92. En efecto, el artículo 17 de la Constitución Política de los Estados Unidos Mexicanos dispone que ninguna persona puede hacerse justicia por sí misma, ni ejercer violencia para reclamar su derecho. Indica que toda persona tiene derecho a que se le administre justicia por tribunales que estarán expeditos para impartirla en los plazos y términos que fijen las leyes, emitiendo sus resoluciones de manera pronta, completa e imparcial, cuyo servicio es gratuito, quedando, en consecuencia, prohibidas las costas judiciales.

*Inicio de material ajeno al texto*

lemma prod_map_funpow:
  assumes "z \<in> PiE {..<n} (\<lambda>_. UNIV)"
  shows "(prod_map f n ^^ i) z = restrict (\<lambda>j. (f ^^ i) (z j)) {..<n}"
proof (induction i)
  case 0 then show ?case using assms by (simp add: PiE_restrict)
next
  case (Suc i) then show ?case by (auto simp: prod_map_def fun_eq_iff)
qed

definition pairs_in :: "nat \<Rightarrow> real set \<Rightarrow> (nat \<Rightarrow> 'a::metric_space) set" where
  "pairs_in n U = {w \<in> topspace (prod_top n). \<forall>j k. j < k \<longrightarrow> k < n \<longrightarrow> dist (w j) (w k) \<in> U}"

lemma openin_pairs_in:
  assumes "open U"
  shows "openin (prod_top n) (pairs_in n U)"
proof -
  define V where "V p = {w \<in> topspace (prod_top n :: (nat \<Rightarrow> 'a) topology). dist (w (fst p)) (w (snd p)) \<in> U}" for p
  define Pairs where "Pairs = {(j, k). j < k \<and> k < n}"
  have "openin (prod_top n) (V p)" if p: "p \<in> Pairs" for p
  proof -
    have "fst p \<in> {..<n}" "snd p \<in> {..<n}" using p by (auto simp: Pairs_def)
    then have "continuous_map (prod_top n) euclideanreal (\<lambda>w. dist (w (fst p)) (w (snd p)))"
      unfolding prod_top_def
      by (intro continuous_map_dist continuous_map_product_projection)
    then show ?thesis unfolding V_def using assms by (intro openin_continuous_map_preimage) auto
  qed
  moreover have "finite Pairs" by (rule finite_subset[of _ "{..<n} \<times> {..<n}"]) (auto simp: Pairs_def)
  ultimately have "openin (prod_top n) ((\<Inter>p\<in>Pairs. V p) \<inter> topspace (prod_top n))" by blast
  moreover have "(\<Inter>p\<in>Pairs. V p) \<inter> topspace (prod_top n) = pairs_in n U"
    unfolding V_def Pairs_def pairs_in_def by auto
  ultimately show ?thesis by simp
qed

lemma Min_pair_dists_gt_iff:
  assumes "n \<ge> 2"
  shows "r < Min (pair_dists f n x i) \<longleftrightarrow>
    (\<forall>j k. j < k \<longrightarrow> k < n \<longrightarrow> r < dist ((f ^^ i) (x j)) ((f ^^ i) (x k)))"
proof -
  have "r < Min (pair_dists f n x i) \<longleftrightarrow> (\<forall>d\<in>pair_dists f n x i. r < d)"
    by (rule Min_gr_iff[OF finite_pair_dists pair_dists_nonempty[OF assms]])
  then show ?thesis unfolding pair_dists_def by blast
qed

lemma Max_pair_dists_less_iff:
  assumes "n \<ge> 2"
  shows "Max (pair_dists f n x i) < r \<longleftrightarrow>
    (\<forall>j k. j < k \<longrightarrow> k < n \<longrightarrow> dist ((f ^^ i) (x j)) ((f ^^ i) (x k)) < r)"
proof -
  have "Max (pair_dists f n x i) < r \<longleftrightarrow> (\<forall>d\<in>pair_dists f n x i. d < r)"
    by (rule Max_less_iff[OF finite_pair_dists pair_dists_nonempty[OF assms]])
  then show ?thesis unfolding pair_dists_def by blast
qed

lemma S_set_eq_visits:
  assumes "n \<ge> 2" "z \<in> topspace (prod_top n)"
  shows "S_set f n z r = {i. (prod_map f n ^^ i) z \<in> pairs_in n {r<..}}"
  using assms prod_map_funpow[where z=z and n=n and f=f] unfolding topspace_prod_top
  by (auto simp: S_set_def pairs_in_def Min_pair_dists_gt_iff topspace_prod_top PiE_iff)

lemma T_set_eq_visits:
  assumes "n \<ge> 2" "z \<in> topspace (prod_top n)"
  shows "T_set f n z r = {i. (prod_map f n ^^ i) z \<in> pairs_in n {..<r}}"
  using assms prod_map_funpow[where z=z and n=n and f=f] unfolding topspace_prod_top
  by (auto simp: T_set_def pairs_in_def Max_pair_dists_less_iff topspace_prod_top PiE_iff)

lemma gdelta_in_S_set:
  assumes "compatible F f n" "n \<ge> 2"
  shows "gdelta_in (prod_top n) {z \<in> topspace (prod_top n). S_set f n z r \<in> F}"
proof -
  have "gdelta_in (prod_top n) {z \<in> topspace (prod_top n). {i. (prod_map f n ^^ i) z \<in> pairs_in n {r<..}} \<in> F}"
    using assms(1) openin_pairs_in[OF open_greaterThan] unfolding compatible_def by blast
  moreover have "{z \<in> topspace (prod_top n). {i. (prod_map f n ^^ i) z \<in> pairs_in n {r<..}} \<in> F} =
      {z \<in> topspace (prod_top n). S_set f n z r \<in> F}"
    using S_set_eq_visits[OF assms(2), where f=f and r=r] by auto
  ultimately show ?thesis by simp
qed

lemma gdelta_in_T_set:
  assumes "compatible F f n" "n \<ge> 2"
  shows "gdelta_in (prod_top n) {z \<in> topspace (prod_top n). T_set f n z r \<in> F}"
proof -
  have "gdelta_in (prod_top n) {z \<in> topspace (prod_top n). {i. (prod_map f n ^^ i) z \<in> pairs_in n {..<r}} \<in> F}"
    using assms(1) openin_pairs_in[OF open_lessThan] unfolding compatible_def by blast
  moreover have "{z \<in> topspace (prod_top n). {i. (prod_map f n ^^ i) z \<in> pairs_in n {..<r}} \<in> F} =
      {z \<in> topspace (prod_top n). T_set f n z r \<in> F}"
    using T_set_eq_visits[OF assms(2), where f=f and r=r] by auto
  ultimately show ?thesis by simp
qed

lemma T_set_mono: "r \<le> r' \<Longrightarrow> T_set f n z r \<subseteq> T_set f n z r'"
  by (auto simp: T_set_def)

lemma scrambledI_inverse_Suc:
  assumes "furstenberg_family G" "S_set f n z r \<in> F" "\<And>k. T_set f n z (1 / Suc k) \<in> G"
  shows "scrambled F G f n r z"
proof -
  have "T_set f n z \<epsilon> \<in> G" if "\<epsilon> > 0" for \<epsilon>
  proof -
    obtain k where "1 / real (Suc k) < \<epsilon>" using reals_Archimedean[OF \<open>\<epsilon> > 0\<close>]
      by (auto simp: inverse_eq_divide)
    then have "T_set f n z (1 / Suc k) \<subseteq> T_set f n z \<epsilon>" by (intro T_set_mono) simp
    then show ?thesis using assms(1) assms(3)[of k] unfolding furstenberg_family_def by blast
  qed
  then show ?thesis using assms(2) unfolding scrambled_def by blast
qed

lemma eventually_dist_funpow_close:
  fixes z b :: "nat \<Rightarrow> 'a::metric_space"
  assumes asym: "\<And>j. j < n \<Longrightarrow> asymptotic f (z j) (b j)" and \<eta>: "\<eta> > 0"
  shows "\<forall>\<^sub>F i in sequentially. \<forall>j<n. \<forall>k<n.
    \<bar>dist ((f ^^ i) (z j)) ((f ^^ i) (z k)) - dist ((f ^^ i) (b j)) ((f ^^ i) (b k))\<bar> < \<eta>"
proof -
  have "\<forall>\<^sub>F i in sequentially. dist ((f ^^ i) (z j)) ((f ^^ i) (b j)) < \<eta>/2" if "j < n" for j
    using order_tendstoD(2)[OF asym[OF that, unfolded asymptotic_def], of "\<eta>/2"] \<eta> by simp
  then have "\<forall>j\<in>{..<n}. \<forall>\<^sub>F i in sequentially. dist ((f ^^ i) (z j)) ((f ^^ i) (b j)) < \<eta>/2"
    by blast
  then have "\<forall>\<^sub>F i in sequentially. \<forall>j\<in>{..<n}. dist ((f ^^ i) (z j)) ((f ^^ i) (b j)) < \<eta>/2"
    by (rule eventually_ball_finite[rotated]) simp
  then show ?thesis
  proof (rule eventually_mono, intro allI impI)
    fix i j k
    assume close: "\<forall>j\<in>{..<n}. dist ((f ^^ i) (z j)) ((f ^^ i) (b j)) < \<eta>/2" and "j < n" "k < n"
    then have "dist ((f ^^ i) (z j)) ((f ^^ i) (b j)) < \<eta>/2" "dist ((f ^^ i) (z k)) ((f ^^ i) (b k)) < \<eta>/2"
      by auto
    then show "\<bar>dist ((f ^^ i) (z j)) ((f ^^ i) (z k)) - dist ((f ^^ i) (b j)) ((f ^^ i) (b k))\<bar> < \<eta>"
      using dist_triangle[of "(f ^^ i) (z j)" "(f ^^ i) (z k)" "(f ^^ i) (b j)"]
        dist_triangle[of "(f ^^ i) (b j)" "(f ^^ i) (z k)" "(f ^^ i) (b k)"]
        dist_triangle[of "(f ^^ i) (b j)" "(f ^^ i) (b k)" "(f ^^ i) (z j)"]
        dist_triangle[of "(f ^^ i) (z j)" "(f ^^ i) (b k)" "(f ^^ i) (z k)"]
      by (simp add: dist_commute abs_less_iff)
  qed
qed

lemma S_set_mem_if_asymptotic:
  fixes z b :: "nat \<Rightarrow> 'a::metric_space"
  assumes F: "furstenberg_family F" "full_family F" and n: "n \<ge> 2"
    and asym: "\<And>j. j < n \<Longrightarrow> asymptotic f (z j) (b j)"
    and b_apart: "\<And>i j k. j < k \<Longrightarrow> k < n \<Longrightarrow> \<delta> \<le> dist ((f ^^ i) (b j)) ((f ^^ i) (b k))"
    and "r < \<delta>"
  shows "S_set f n z r \<in> F"
proof (rule full_family_eventually[OF F])
  have "\<forall>\<^sub>F i in sequentially. \<forall>j<n. \<forall>k<n.
      \<bar>dist ((f ^^ i) (z j)) ((f ^^ i) (z k)) - dist ((f ^^ i) (b j)) ((f ^^ i) (b k))\<bar> < \<delta> - r"
    by (rule eventually_dist_funpow_close) (use asym \<open>r < \<delta>\<close> in auto)
  then show "\<forall>\<^sub>F i in sequentially. i \<in> S_set f n z r"
  proof (rule eventually_mono)
    fix i assume close: "\<forall>j<n. \<forall>k<n. \<bar>dist ((f ^^ i) (z j)) ((f ^^ i) (z k)) -
      dist ((f ^^ i) (b j)) ((f ^^ i) (b k))\<bar> < \<delta> - r"
    have "r < dist ((f ^^ i) (z j)) ((f ^^ i) (z k))" if jk: "j < k" "k < n" for j k
    proof -
      have "\<bar>dist ((f ^^ i) (z j)) ((f ^^ i) (z k)) - dist ((f ^^ i) (b j)) ((f ^^ i) (b k))\<bar> < \<delta> - r"
        using close jk less_trans[OF jk] by blast
      then show ?thesis using b_apart[OF jk, of i] by (simp add: abs_less_iff)
    qed
    then show "i \<in> S_set f n z r" by (simp add: S_set_def Min_pair_dists_gt_iff[OF n])
  qed
qed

93. El artículo 25.1. de la Convención Americana sobre Derechos Humanos prevé como derecho fundamental tutelado la protección judicial. Dispone que toda persona tiene derecho a un recurso sencillo y rápido o a cualquier otro recurso efectivo ante los Jueces o tribunales competentes, que la ampare contra actos que violen sus derechos fundamentales reconocidos por la Constitución, la ley o dicha convención, aun cuando tal violación sea cometida por personas que actúen en ejercicio de sus funciones oficiales.
94. Como se observa, dichos numerales complementan el derecho de acceso a la justicia, el cual debe tener como centro gravitacional el acceso a un recurso judicial efectivo.
95. En ese sentido, la efectividad de la impartición de justicia no se traduce en el acceso a la jurisdicción ni culmina con la determinación de derechos y obligaciones, antes bien, ejecutar lo decidido es una consecuencia del derecho a la tutela judicial efectiva. De esa manera, la función judicial consiste en juzgar y hacer ejecutar lo sentenciado.(10)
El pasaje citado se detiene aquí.